- _PROVIDED ENTRIES_:
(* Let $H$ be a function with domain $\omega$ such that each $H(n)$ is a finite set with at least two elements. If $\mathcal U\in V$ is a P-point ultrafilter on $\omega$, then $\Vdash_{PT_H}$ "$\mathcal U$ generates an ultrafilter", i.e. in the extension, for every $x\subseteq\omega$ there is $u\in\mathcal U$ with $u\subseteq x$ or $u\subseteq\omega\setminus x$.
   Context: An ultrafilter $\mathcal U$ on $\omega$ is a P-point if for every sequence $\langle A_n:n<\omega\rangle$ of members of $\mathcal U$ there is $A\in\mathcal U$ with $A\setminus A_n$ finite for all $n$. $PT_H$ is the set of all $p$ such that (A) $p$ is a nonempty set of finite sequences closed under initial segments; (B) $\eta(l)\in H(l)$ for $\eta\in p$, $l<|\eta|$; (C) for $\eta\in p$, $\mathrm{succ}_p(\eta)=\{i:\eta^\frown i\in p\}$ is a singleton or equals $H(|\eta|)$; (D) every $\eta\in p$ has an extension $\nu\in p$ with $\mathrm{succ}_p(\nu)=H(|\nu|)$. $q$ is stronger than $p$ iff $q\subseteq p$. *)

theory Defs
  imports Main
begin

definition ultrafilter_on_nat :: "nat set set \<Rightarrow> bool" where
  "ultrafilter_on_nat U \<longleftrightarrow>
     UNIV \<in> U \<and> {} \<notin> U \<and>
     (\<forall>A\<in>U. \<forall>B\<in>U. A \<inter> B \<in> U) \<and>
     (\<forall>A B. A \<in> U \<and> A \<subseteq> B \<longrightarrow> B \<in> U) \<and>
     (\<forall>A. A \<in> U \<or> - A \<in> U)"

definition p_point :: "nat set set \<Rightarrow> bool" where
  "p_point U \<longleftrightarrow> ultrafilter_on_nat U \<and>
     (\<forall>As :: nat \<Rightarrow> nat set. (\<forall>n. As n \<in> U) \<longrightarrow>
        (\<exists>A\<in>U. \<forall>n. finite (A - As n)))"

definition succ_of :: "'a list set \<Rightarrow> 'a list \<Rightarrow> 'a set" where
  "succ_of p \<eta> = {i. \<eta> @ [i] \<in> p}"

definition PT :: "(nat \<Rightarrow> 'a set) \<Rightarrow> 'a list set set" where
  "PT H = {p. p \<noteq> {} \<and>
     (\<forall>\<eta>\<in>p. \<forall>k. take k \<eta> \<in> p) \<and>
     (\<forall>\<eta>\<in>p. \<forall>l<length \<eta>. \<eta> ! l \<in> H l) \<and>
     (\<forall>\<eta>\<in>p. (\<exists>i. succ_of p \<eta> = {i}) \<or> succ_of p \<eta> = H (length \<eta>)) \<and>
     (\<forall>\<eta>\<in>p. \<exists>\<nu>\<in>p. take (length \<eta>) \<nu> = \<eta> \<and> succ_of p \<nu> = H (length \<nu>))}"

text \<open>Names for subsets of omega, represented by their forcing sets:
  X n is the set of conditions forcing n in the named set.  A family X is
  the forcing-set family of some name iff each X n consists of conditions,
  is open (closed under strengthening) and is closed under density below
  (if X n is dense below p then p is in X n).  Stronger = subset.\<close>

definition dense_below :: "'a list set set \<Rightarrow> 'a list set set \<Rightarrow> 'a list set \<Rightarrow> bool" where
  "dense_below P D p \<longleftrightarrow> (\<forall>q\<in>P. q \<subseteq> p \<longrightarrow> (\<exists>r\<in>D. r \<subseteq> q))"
...
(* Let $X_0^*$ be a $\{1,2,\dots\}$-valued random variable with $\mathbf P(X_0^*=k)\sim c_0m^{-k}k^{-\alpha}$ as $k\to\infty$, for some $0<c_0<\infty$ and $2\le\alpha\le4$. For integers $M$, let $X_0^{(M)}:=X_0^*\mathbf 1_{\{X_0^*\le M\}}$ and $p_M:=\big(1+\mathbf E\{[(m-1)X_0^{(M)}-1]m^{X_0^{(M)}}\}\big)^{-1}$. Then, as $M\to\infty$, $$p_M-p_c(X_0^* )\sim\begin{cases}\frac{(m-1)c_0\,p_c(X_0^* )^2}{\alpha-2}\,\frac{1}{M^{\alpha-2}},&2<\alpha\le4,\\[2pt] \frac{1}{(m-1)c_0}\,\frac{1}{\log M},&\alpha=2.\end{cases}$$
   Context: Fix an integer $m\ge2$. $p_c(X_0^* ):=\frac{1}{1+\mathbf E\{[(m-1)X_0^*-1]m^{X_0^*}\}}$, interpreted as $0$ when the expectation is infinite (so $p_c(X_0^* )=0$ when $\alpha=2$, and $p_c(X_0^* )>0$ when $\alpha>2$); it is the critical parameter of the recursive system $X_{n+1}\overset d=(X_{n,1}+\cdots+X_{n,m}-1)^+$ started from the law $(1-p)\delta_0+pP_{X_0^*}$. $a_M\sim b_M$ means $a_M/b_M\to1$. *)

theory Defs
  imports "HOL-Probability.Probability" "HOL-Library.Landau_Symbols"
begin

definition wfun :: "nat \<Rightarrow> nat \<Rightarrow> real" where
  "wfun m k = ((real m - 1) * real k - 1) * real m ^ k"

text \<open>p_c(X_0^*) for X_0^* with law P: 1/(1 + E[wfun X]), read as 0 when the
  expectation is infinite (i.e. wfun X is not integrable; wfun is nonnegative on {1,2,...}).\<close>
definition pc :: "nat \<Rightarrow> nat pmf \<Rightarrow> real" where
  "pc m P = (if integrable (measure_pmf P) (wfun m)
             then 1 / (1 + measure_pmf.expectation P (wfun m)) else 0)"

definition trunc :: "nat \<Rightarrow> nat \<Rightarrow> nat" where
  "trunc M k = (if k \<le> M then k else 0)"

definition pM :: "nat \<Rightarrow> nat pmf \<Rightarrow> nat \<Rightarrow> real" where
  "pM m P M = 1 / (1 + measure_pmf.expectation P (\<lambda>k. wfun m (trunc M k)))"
==
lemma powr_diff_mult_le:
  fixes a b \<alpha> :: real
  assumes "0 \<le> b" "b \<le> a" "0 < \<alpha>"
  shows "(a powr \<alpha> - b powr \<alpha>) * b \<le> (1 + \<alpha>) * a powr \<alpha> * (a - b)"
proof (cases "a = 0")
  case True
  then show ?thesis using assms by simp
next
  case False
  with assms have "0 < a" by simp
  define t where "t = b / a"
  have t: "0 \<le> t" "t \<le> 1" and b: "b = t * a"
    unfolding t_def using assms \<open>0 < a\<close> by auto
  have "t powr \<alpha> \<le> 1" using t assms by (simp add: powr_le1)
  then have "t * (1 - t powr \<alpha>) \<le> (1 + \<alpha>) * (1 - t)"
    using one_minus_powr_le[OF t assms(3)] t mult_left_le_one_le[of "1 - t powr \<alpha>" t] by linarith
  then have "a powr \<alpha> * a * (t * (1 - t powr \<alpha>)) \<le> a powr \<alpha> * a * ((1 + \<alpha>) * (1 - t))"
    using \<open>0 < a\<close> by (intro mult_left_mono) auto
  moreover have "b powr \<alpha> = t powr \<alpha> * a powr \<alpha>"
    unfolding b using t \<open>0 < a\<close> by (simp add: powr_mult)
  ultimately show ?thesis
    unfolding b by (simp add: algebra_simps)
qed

- _EXERCISE REQUIREMENTS_: Look through the data above and return exactly the lines from the one that contains "define t where" to the one that contains "powr \<alpha>) \<le>", inclusive, with nothing else.

- _PROBLEM SOLUTION_:
  define t where "t = b / a"
  have t: "0 \<le> t" "t \<le> 1" and b: "b = t * a"
    unfolding t_def using assms \<open>0 < a\<close> by auto
  have "t powr \<alpha> \<le> 1" using t assms by (simp add: powr_le1)
  then have "t * (1 - t powr \<alpha>) \<le> (1 + \<alpha>) * (1 - t)"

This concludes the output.